As per my previous argument, the XFS stripe width here does not
matter, so the question here is really:

 "What is the IO transaction size that gives best sustained
  sequential single thread performance with 'O_DIRECT'?"

Note that the "with 'O_DIRECT'" qualification matters a great
deal because otherwise the page cache makes the application's IO
size largely irrelevant, making relevant the rate at which it
would issue read or write requests.

While I understand why a tempting answer is 3.5 *chunks*, the
best answer is 7 chunks because:

  * With a '2' layout the chunk pattern repeats every 14 chunks
    (more generally over the GCF of '2' and the number of
    devices in a stripe) so we need only consider two.

  * In the first stripe there are 3 pairs and at end one half
    pair, and in the second stripe there is one half pair and 3
    pairs.

  * It is pointless for *single threaded* access to read both
    chunks in a mirror pair. Without loss of generality, let's
    assume that we read just the first.

  * Then in the first stripe we can read 4 chunks in parallel,
    and in the second stripe 3, as the first chunk of that stripe
    is a copy of one we already read in the first row.

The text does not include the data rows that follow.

lemma card_I_betw_glue:
  assumes "V1 \<inter> V2 = {}" "W1 \<inter> W2 = {}" "cross_compatible V1 V2 W1 W2"
  shows "card {f \<in> I_betw (V1 \<union> V2) D (W1 \<union> W2) E. f ` V1 = W1} =
    card (I_betw V1 D W1 E) * card (I_betw V2 D W2 E)"
    (is "card ?I = card ?I1 * card ?I2")
proof -
  let ?glue = "\<lambda>(g, h) x. if x \<in> V1 then g x else h x"
  let ?split = "\<lambda>f. (restrict f V1, restrict f V2)"
  have "bij_betw ?split ?I (?I1 \<times> ?I2)"
  proof (rule bij_betw_byWitness [where f' = ?glue])
    show "\<forall>f\<in>?I. ?glue (?split f) = f"
      by (auto simp: I_betw_def PiE_iff extensional_def)
    show "\<forall>p\<in>?I1 \<times> ?I2. ?split (?glue p) = p"
      using assms(1) by (auto simp: I_betw_def PiE_iff extensional_def fun_eq_iff)
    show "?split ` ?I \<subseteq> ?I1 \<times> ?I2"
    proof (rule image_subsetI)
      fix f assume "f \<in> ?I"
      then have f: "f \<in> I_betw (V1 \<union> V2) D (W1 \<union> W2) E" and "f ` V1 = W1" by auto
      have "f ` ((V1 \<union> V2) - V1) = f ` (V1 \<union> V2) - f ` V1"
        using I_betwD(2) [OF f] by (intro inj_on_image_set_diff) (auto simp: bij_betw_def)
      moreover have "(V1 \<union> V2) - V1 = V2"
        using assms(1) by blast
      ultimately have "f ` V2 = (W1 \<union> W2) - W1"
        using I_betwD(2) [OF f] \<open>f ` V1 = W1\<close> by (simp add: bij_betw_def)
      then have "f ` V2 = W2"
        using assms(2) by blast
      then show "?split f \<in> ?I1 \<times> ?I2"
        using I_betw_restrict [OF f, of V1] I_betw_restrict [OF f, of V2] \<open>f ` V1 = W1\<close> by simp
    qed
    show "?glue ` (?I1 \<times> ?I2) \<subseteq> ?I"
    proof (rule image_subsetI)
      fix p assume "p \<in> ?I1 \<times> ?I2"
      then obtain g h where p: "p = (g, h)" and g: "g \<in> ?I1" and h: "h \<in> ?I2" by blast
      have "?glue p ` V1 = W1"
        using I_betwD(2) [OF g] p by (simp add: bij_betw_def)
      with I_betw_glue [OF g h assms] p show "?glue p \<in> ?I" by simp
    qed
  qed
  then show ?thesis
    by (simp add: bij_betw_same_card card_cartesian_product)
qed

  * We don't need to choose between 3, 4 or 3.5 chunks; because
    if we read 7 chunks at a time we end up reading two full
    stripes, in the shortest time possible for two stripes.

  * The same argument applies to both reads and writes, even if
    writes have to write both members of each pair.

  * Stripe boundaries don't matter, but chunk boundaries matter
    to maximize the transfer per disk, if transfers have
    noticeable fixed costs that matters.

Thus in some way it is 3.5 chunks per stripe "on average".

> If you call it 7, then it should work well even though each
> write takes two operations.

The number is right, but per the argument above this applies to
both reads and writes (with the given qualifications), and the
"two operations" probably means "over two stripes".